Share of S&P 500 by market value
That is not normal diversification in the way most investors understand it. It means the S&P 500 has increasingly become a diversified index with a very concentrated mega-cap technology and artificial intelligence overlay.
2. What Is Driving the Market?
The current market has been powered by several forces.
- Artificial intelligence has created a major growth narrative. Companies involved in semiconductors, cloud computing, data centers, software, and AI infrastructure have attracted enormous investor attention.
- These are not speculative startups. Many of the largest technology companies are highly profitable, cash-generating, globally dominant businesses. That makes today’s market different from the late 1990s, when many technology companies had little or no earnings.
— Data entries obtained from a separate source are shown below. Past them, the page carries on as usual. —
lemma Phi_Yfun_eq_sum_weight:
  assumes "wf_sgraph G"
  shows "Phi n (Yfun G om) = (\<Sum>\<kappa>\<in>{\<kappa>. proper G \<kappa> \<and> preserves G om \<kappa> \<and>
      monomial_of G \<kappa> \<in> multisets_of_size {- int n..int n} n}. weight n (monomial_of G \<kappa>))"
    (is "_ = (\<Sum>\<kappa>\<in>?C. _)")
proof -
  let ?M = "multisets_of_size {- int n..int n} n"
  have "(\<Sum>\<kappa>\<in>?C. weight n (monomial_of G \<kappa>)) =
      (\<Sum>m\<in>?M. \<Sum>\<kappa>\<in>{\<kappa>\<in>?C. monomial_of G \<kappa> = m}. weight n (monomial_of G \<kappa>))"
    by (rule sum.group[symmetric, OF finite_preserving_colorings_of_degree[OF assms]]) (auto intro: finite_multisets_of_size)
  also have "\<dots> = (\<Sum>m\<in>?M. smult (Yfun G om m) (weight n m))"
  proof (rule sum.cong[OF refl])
    fix m assume "m \<in> ?M"
    hence "{\<kappa>\<in>?C. monomial_of G \<kappa> = m} = {\<kappa>. proper G \<kappa> \<and> preserves G om \<kappa> \<and> monomial_of G \<kappa> = m}"
      by auto
    thus "(\<Sum>\<kappa>\<in>{\<kappa>\<in>?C. monomial_of G \<kappa> = m}. weight n (monomial_of G \<kappa>)) = smult (Yfun G om m) (weight n m)"
      by (simp add: Yfun_def of_nat_mult_conv_smult)
  qed
  finally show ?thesis by (simp add: Phi_def)
qed

lemma sum_weight_packed_colorings:
  assumes wf: "wf_sgraph G" and ac: "acyclic_orientation G om"
  shows "(\<Sum>\<kappa>\<in>packed_colorings G om (verts G). weight (card (verts G)) (monomial_of G \<kappa>)) =
    [:0, 1:] ^ card (sinks G om)"
proof -
  let ?V = "verts G"
  have V: "finite ?V" using wf by (simp add: wf_sgraph_def)
  have "(\<Sum>\<kappa>\<in>packed_colorings G om ?V. weight (card ?V) (monomial_of G \<kappa>)) =
    (\<Sum>\<kappa>\<in>packed_colorings G om ?V. (-1) ^ card ?V * (-1) ^ nat (level ?V \<kappa>) + top_weight (card ?V) ?V \<kappa>)"
    by (intro sum.cong refl)
      (simp add: monomial_of_def weight_image_mset[OF V] packed_colorings_def power_add)
  also have "\<dots> = (-1) ^ card ?V * of_int (signed_packed_count G om ?V) + ([:0, 1:] ^ card (sinks_on G om ?V) - 1)"
    by (simp add: sum.distrib sum_distrib_left signed_packed_count_def sum_top_weight[OF wf ac V])
  also have "\<dots> = [:0, 1:] ^ card (sinks G om)"
    by (simp add: signed_packed_count_acyclic[OF wf ac V] sinks_on_verts[OF wf])
  finally show ?thesis .
qed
- Passive investing has amplified the impact. As more money flows into market-cap-weighted index funds, more dollars automatically go to the largest companies. When those companies rise, they become larger weights in the index, which attracts even more capital from index flows.
This creates a powerful feedback loop. The largest companies get larger. Their influence on the index grows. The index performs well. Investors add more money to the index. More money flows back into the same largest companies. This can continue for a long time. But it also creates risk.
3. Why Diversified Portfolios May Underperform
A thoughtfully diversified 20-stock portfolio may own excellent companies across financials, healthcare, industrials, consumer staples, energy, technology, and other sectors. That portfolio may be fundamentally sound.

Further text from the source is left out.